Required work >> The material below contains a line with "e) + (\<theta>" and a line with "A \<le> L2_set". Copy exactly those two lines and all lines between them.

++++ Provided records

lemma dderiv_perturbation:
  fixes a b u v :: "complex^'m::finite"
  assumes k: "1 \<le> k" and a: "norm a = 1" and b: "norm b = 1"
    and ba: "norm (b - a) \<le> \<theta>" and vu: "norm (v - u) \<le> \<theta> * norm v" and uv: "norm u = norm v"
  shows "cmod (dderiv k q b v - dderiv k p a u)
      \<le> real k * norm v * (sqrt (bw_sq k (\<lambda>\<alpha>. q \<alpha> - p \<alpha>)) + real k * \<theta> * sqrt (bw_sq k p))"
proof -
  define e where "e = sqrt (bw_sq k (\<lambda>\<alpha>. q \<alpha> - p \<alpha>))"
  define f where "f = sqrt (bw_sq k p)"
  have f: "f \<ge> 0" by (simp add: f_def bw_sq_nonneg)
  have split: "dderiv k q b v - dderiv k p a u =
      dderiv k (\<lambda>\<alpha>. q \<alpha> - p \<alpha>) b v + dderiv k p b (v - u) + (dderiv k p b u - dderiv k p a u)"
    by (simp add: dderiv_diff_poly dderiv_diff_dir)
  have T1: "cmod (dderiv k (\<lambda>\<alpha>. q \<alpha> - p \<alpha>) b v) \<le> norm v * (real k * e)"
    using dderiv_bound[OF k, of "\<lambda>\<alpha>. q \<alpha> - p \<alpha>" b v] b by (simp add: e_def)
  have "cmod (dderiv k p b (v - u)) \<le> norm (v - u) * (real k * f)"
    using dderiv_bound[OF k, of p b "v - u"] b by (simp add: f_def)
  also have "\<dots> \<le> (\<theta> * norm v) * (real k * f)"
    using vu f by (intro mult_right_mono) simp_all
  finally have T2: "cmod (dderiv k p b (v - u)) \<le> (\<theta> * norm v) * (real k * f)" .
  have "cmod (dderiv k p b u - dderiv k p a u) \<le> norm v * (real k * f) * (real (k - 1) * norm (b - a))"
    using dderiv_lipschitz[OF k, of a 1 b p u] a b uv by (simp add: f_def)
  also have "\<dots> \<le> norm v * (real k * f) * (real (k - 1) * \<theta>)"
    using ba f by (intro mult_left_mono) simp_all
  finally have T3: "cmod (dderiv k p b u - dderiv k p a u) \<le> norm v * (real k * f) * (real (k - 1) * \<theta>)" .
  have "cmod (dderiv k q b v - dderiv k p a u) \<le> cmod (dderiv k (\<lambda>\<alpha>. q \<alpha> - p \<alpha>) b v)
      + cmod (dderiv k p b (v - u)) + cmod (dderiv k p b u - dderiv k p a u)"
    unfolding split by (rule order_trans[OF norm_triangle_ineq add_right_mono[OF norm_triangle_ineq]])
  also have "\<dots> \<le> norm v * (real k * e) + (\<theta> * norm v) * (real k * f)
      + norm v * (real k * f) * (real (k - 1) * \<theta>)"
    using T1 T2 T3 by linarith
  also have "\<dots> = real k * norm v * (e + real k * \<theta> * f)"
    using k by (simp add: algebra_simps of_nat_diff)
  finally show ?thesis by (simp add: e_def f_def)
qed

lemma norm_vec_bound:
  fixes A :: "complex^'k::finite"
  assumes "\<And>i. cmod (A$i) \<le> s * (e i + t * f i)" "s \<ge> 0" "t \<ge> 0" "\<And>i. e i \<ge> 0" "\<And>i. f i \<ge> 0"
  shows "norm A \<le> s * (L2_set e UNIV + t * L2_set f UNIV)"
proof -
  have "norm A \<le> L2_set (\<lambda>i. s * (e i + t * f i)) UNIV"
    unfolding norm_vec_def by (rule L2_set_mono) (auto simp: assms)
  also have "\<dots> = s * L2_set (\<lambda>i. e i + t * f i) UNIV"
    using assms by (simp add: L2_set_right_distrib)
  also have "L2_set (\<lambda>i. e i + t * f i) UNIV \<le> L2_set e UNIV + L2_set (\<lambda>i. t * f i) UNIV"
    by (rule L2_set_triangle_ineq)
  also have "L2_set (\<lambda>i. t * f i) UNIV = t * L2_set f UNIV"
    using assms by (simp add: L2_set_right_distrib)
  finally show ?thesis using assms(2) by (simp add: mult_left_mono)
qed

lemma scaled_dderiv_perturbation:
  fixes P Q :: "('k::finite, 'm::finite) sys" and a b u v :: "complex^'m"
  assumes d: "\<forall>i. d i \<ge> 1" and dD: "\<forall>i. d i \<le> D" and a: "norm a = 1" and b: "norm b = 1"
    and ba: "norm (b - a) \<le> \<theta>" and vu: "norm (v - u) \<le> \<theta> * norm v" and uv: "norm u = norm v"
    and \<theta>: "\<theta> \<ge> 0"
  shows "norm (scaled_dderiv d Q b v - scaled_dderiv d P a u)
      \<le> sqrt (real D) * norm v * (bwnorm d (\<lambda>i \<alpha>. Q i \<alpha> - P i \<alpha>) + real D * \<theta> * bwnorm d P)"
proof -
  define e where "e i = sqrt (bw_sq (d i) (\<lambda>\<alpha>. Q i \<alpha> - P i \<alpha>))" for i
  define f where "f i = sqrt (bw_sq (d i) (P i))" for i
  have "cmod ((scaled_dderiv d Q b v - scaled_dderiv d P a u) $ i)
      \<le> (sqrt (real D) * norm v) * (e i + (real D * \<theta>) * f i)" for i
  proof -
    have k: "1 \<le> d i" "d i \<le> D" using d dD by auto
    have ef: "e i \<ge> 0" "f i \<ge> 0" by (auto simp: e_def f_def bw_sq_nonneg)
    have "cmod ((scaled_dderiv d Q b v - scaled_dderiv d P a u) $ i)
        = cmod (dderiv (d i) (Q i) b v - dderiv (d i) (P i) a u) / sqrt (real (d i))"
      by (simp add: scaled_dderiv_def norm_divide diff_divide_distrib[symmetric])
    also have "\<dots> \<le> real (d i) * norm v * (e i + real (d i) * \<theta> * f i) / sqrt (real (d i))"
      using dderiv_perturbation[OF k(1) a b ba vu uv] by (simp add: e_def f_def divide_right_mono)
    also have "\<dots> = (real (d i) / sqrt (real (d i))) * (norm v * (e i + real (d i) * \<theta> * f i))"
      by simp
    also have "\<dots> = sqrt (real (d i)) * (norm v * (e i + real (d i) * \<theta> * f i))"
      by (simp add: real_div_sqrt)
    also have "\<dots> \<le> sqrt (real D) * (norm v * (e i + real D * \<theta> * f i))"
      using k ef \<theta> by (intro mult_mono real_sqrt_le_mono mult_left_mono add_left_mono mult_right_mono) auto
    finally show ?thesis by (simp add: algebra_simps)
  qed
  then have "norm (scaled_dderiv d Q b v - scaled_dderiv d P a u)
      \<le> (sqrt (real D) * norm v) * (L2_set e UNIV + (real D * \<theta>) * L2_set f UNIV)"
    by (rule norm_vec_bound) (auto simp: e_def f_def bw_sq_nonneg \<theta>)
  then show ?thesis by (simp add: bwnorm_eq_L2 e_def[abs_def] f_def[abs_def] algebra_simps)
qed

++++++++

Answer to this problem >>
  also have "\<dots> \<le> norm v * (real k * e) + (\<theta> * norm v) * (real k * f)
      + norm v * (real k * f) * (real (k - 1) * \<theta>)"
    using T1 T2 T3 by linarith
  also have "\<dots> = real k * norm v * (e + real k * \<theta> * f)"
    using k by (simp add: algebra_simps of_nat_diff)
  finally show ?thesis by (simp add: e_def f_def)
qed

lemma norm_vec_bound:
  fixes A :: "complex^'k::finite"
  assumes "\<And>i. cmod (A$i) \<le> s * (e i + t * f i)" "s \<ge> 0" "t \<ge> 0" "\<And>i. e i \<ge> 0" "\<And>i. f i \<ge> 0"
  shows "norm A \<le> s * (L2_set e UNIV + t * L2_set f UNIV)"
proof -
  have "norm A \<le> L2_set (\<lambda>i. s * (e i + t * f i)) UNIV"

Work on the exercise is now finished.